Is Wal-Mart Robbing Your Community?

1-07-06, 8:49 am



Did you know that about $44 of every $100 you spend in locally-owned businesses gets recycled back into your community? In comparison, when you spend the same amount of money at a national (or multinational) retail chain store like Wal-Mart, only about $14 goes back into your community. According to a recent report from the Institute for America's Future (IAF), this means local communities may be losing over $30 for $100 spent at a Wal-Mart.

IAF notes that during this past holiday season, despite an overall tepid growth in sales, Wal-Mart took in more than $66 billion in sales in the two months before Christmas, outpacing its top three competitors by more than 3 to 1. From the perspective of local communities, Wal-Mart's great success drains tens of billions of dollars that might help build roads, fund school programs, pay for parks, and provide other services.

According to IAF, if the $66 billion had been spent in locally owned businesses, close to $30 billion would have been re-circulated in local economies. Based, on analysis of the loss described above, however, local economies will see only about $9.4 billion of that amount, representing more than a $20 billion loss. The drain on local economies that these figures demonstrate radically transforms smaller communities and forces smaller businesses to go under. Within the first five years of Wal-Mart’s arrival in nearly 1,800 U.S. counties, an average of four small businesses, one mid-sized store and one large store went out of business.

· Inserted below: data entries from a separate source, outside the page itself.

lemma n_commutator_nested:
  assumes "module scale" and "2 \<le> n" and "multilinear scale n mu" and "totally_associative n mu"
    and "length as = n" and "i < n" and "length gs = n"
  shows "n_commutator scale n mu (as[i := n_commutator scale n mu gs]) =
           wc_eval (total_prod n mu) (left_comm ((map wc_letter as)[i := left_comm (map wc_letter gs)]))"
proof -
  define G where "G = left_comm (map wc_letter gs)"
  define Y where "Y = wc_eval mu G"
  have Y: "n_commutator scale n mu gs = Y"
    unfolding Y_def G_def by (rule n_commutator_eq_left_comm[OF assms(1,2,7)])
  have G_words: "length z = n" if "(t, z) \<in> set G" for t z
    using mset_left_comm_letters[of gs t z] that assms(2,7) unfolding G_def
    by (metis list.size(3) not_numeral_le_zero size_mset)
  txt \<open>Over the alphabet of positions \<open>0..<n\<close> every word of the outer bracket is a permutation,
    so the substituted slot \<open>i\<close> occurs in it exactly once.\<close>
  define \<phi>Y where "\<phi>Y j = wc_letter (as[i := Y] ! j)" for j
  define \<phi>G where "\<phi>G j = (map wc_letter as)[i := G] ! j" for j
  have map_\<phi>Y: "map \<phi>Y [0..<n] = map wc_letter (as[i := Y])"
    and map_\<phi>G: "map \<phi>G [0..<n] = (map wc_letter as)[i := G]"
    using assms(5) by (simp_all add: \<phi>Y_def \<phi>G_def list_eq_iff_nth_eq)
  have word: "wc_eval mu (wc_prod (map \<phi>Y w)) = wc_eval (total_prod n mu) (wc_prod (map \<phi>G w))"
    if w_word: "(s, w) \<in> set (left_comm (map wc_letter [0..<n]))" for s w
  proof -
    obtain pre suf where w: "w = pre @ i # suf" and len: "length pre + length suf + 1 = n"
      and "i \<notin> set pre" "i \<notin> set suf" and set_w: "set w = {0..<n}"
      using left_comm_positions_split[OF w_word] assms(2,6) by auto
    define pre' where "pre' = map (\<lambda>j. as ! j) pre"
    define suf' where "suf' = map (\<lambda>j. as ! j) suf"
    have "map \<phi>Y w = map wc_letter (pre' @ Y # suf')"
      and "map \<phi>G w = map wc_letter pre' @ [G] @ map wc_letter suf'"
      using set_w assms(5,6) \<open>i \<notin> set pre\<close> \<open>i \<notin> set suf\<close>
      by (auto simp: w pre'_def suf'_def \<phi>Y_def \<phi>G_def nth_list_update)
    moreover have "mu (pre' @ Y # suf') =
        wc_eval (total_prod n mu) (wc_prod (map wc_letter pre' @ [G] @ map wc_letter suf'))"
      unfolding Y_def
      by (rule wc_eval_insert_total_prod[OF assms(3,4) _ G_words])
        (use len in \<open>simp_all add: pre'_def suf'_def\<close>)
    ultimately show ?thesis by (simp only: wc_eval_prod_letters)
  qed
  have "n_commutator scale n mu (as[i := n_commutator scale n mu gs]) =
          wc_eval mu (left_comm (map \<phi>Y [0..<n]))"
    using assms by (simp add: Y map_\<phi>Y n_commutator_eq_left_comm)
  also have "\<dots> = wc_eval (\<lambda>w. wc_eval mu (wc_prod (map \<phi>Y w))) (left_comm (map wc_letter [0..<n]))"
    by (rule wc_eval_left_comm_subst) (use assms(2) in simp)
  also have "\<dots> = wc_eval (\<lambda>w. wc_eval (total_prod n mu) (wc_prod (map \<phi>G w)))
                    (left_comm (map wc_letter [0..<n]))"
    using word by (rule wc_eval_cong)
  also have "\<dots> = wc_eval (total_prod n mu) (left_comm ((map wc_letter as)[i := G]))"
    unfolding map_\<phi>G[symmetric] by (rule wc_eval_left_comm_subst[symmetric]) (use assms(2) in simp)
  finally show ?thesis unfolding G_def .
qed

theorem corollary4p6:
  fixes scale :: "'k::field_char_0 \<Rightarrow> 'a::ab_group_add \<Rightarrow> 'a"
    and n :: nat and mu :: "'a list \<Rightarrow> 'a"
  assumes "vector_space scale"
    and "2 \<le> n"
    and "multilinear scale n mu"
    and "totally_associative n mu"
  shows "nambu n (n_commutator scale n mu)"
  unfolding nambu_def
proof (intro allI impI, elim conjE)
  fix xs ys :: "'a list"
  assume xs: "length xs = n - 1" and ys: "length ys = n"
  have "module scale" using assms(1) by (simp add: module_iff_vector_space)
  note nested = n_commutator_nested[OF this assms(2-4)]
  let ?br = "n_commutator scale n mu" and ?ev = "wc_eval (total_prod n mu)"
  define X where "X = left_comm (map wc_letter xs)"
  define Ys where "Ys = map wc_letter ys"
  have "map wc_letter xs \<noteq> []" using xs assms(2) by auto
  then have X_snoc: "left_comm (map wc_letter xs @ [Y]) = wc_comm X Y" for Y
    by (simp add: X_def left_comm_snoc)
  have "?br (xs @ [?br ys]) = ?br ((xs @ [hd ys])[n - 1 := ?br ys])"
    using xs by (simp add: list_update_append)
  also have "\<dots> = ?ev (left_comm ((map wc_letter (xs @ [hd ys]))[n - 1 := left_comm Ys]))"
    unfolding Ys_def by (rule nested) (use xs ys assms(2) in auto)
  also have "\<dots> = ?ev (wc_comm X (left_comm Ys))"
    using xs by (simp add: list_update_append X_snoc)
  also have "\<dots> = (\<Sum>i<n. ?ev (left_comm (Ys[i := wc_comm X (Ys ! i)])))"
  proof -
    have "Ys \<noteq> []" using ys assms(2) by (auto simp: Ys_def)
    from wc_comm_left_comm_leibniz[OF this] show ?thesis by (simp add: Ys_def ys)
  qed
  also have "\<dots> = (\<Sum>i<n. ?br (ys[i := ?br (xs @ [ys ! i])]))"
    using xs ys by (intro sum.cong refl) (simp add: nested X_snoc Ys_def)
  finally show "?br (xs @ [?br ys]) = (\<Sum>i<n. ?br (ys[i := ?br (xs @ [ys ! i])]))" .
qed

The IAF report notes, 'Wal-Mart’s entrance into communities provides few of the promised benefits and if the initial shock of the retailer’s arrival does not constitute 'killing local business,' the slow death caused by draining money away from local economies certainly does.' In other words, when Wal-Mart shows up, its short-term impact is to force smaller competitors out of business, and its long-term impact is to stunt or even harm local economic growth by siphoning cash out of the economy.

When consumers spend their money in locally owned businesses, wages and benefits, inventory and service purchases from other local businesses, tax revenue, and charitable contributions accrue to stimulate the local economy as well as public and private services. When that money is turned over to a multinational corporation, especially one like Wal-Mart that pays as little in benefits as it can and which pressures local governments to give it enormous tax breaks, the resulting drain damages local communities.

Is a company that pays poverty wages, exploits its employees and fights their attempts to organize a union, pays few benefits, drives small businesses into bankruptcy, and demands enormous public services and subsidies from local governments is good for us?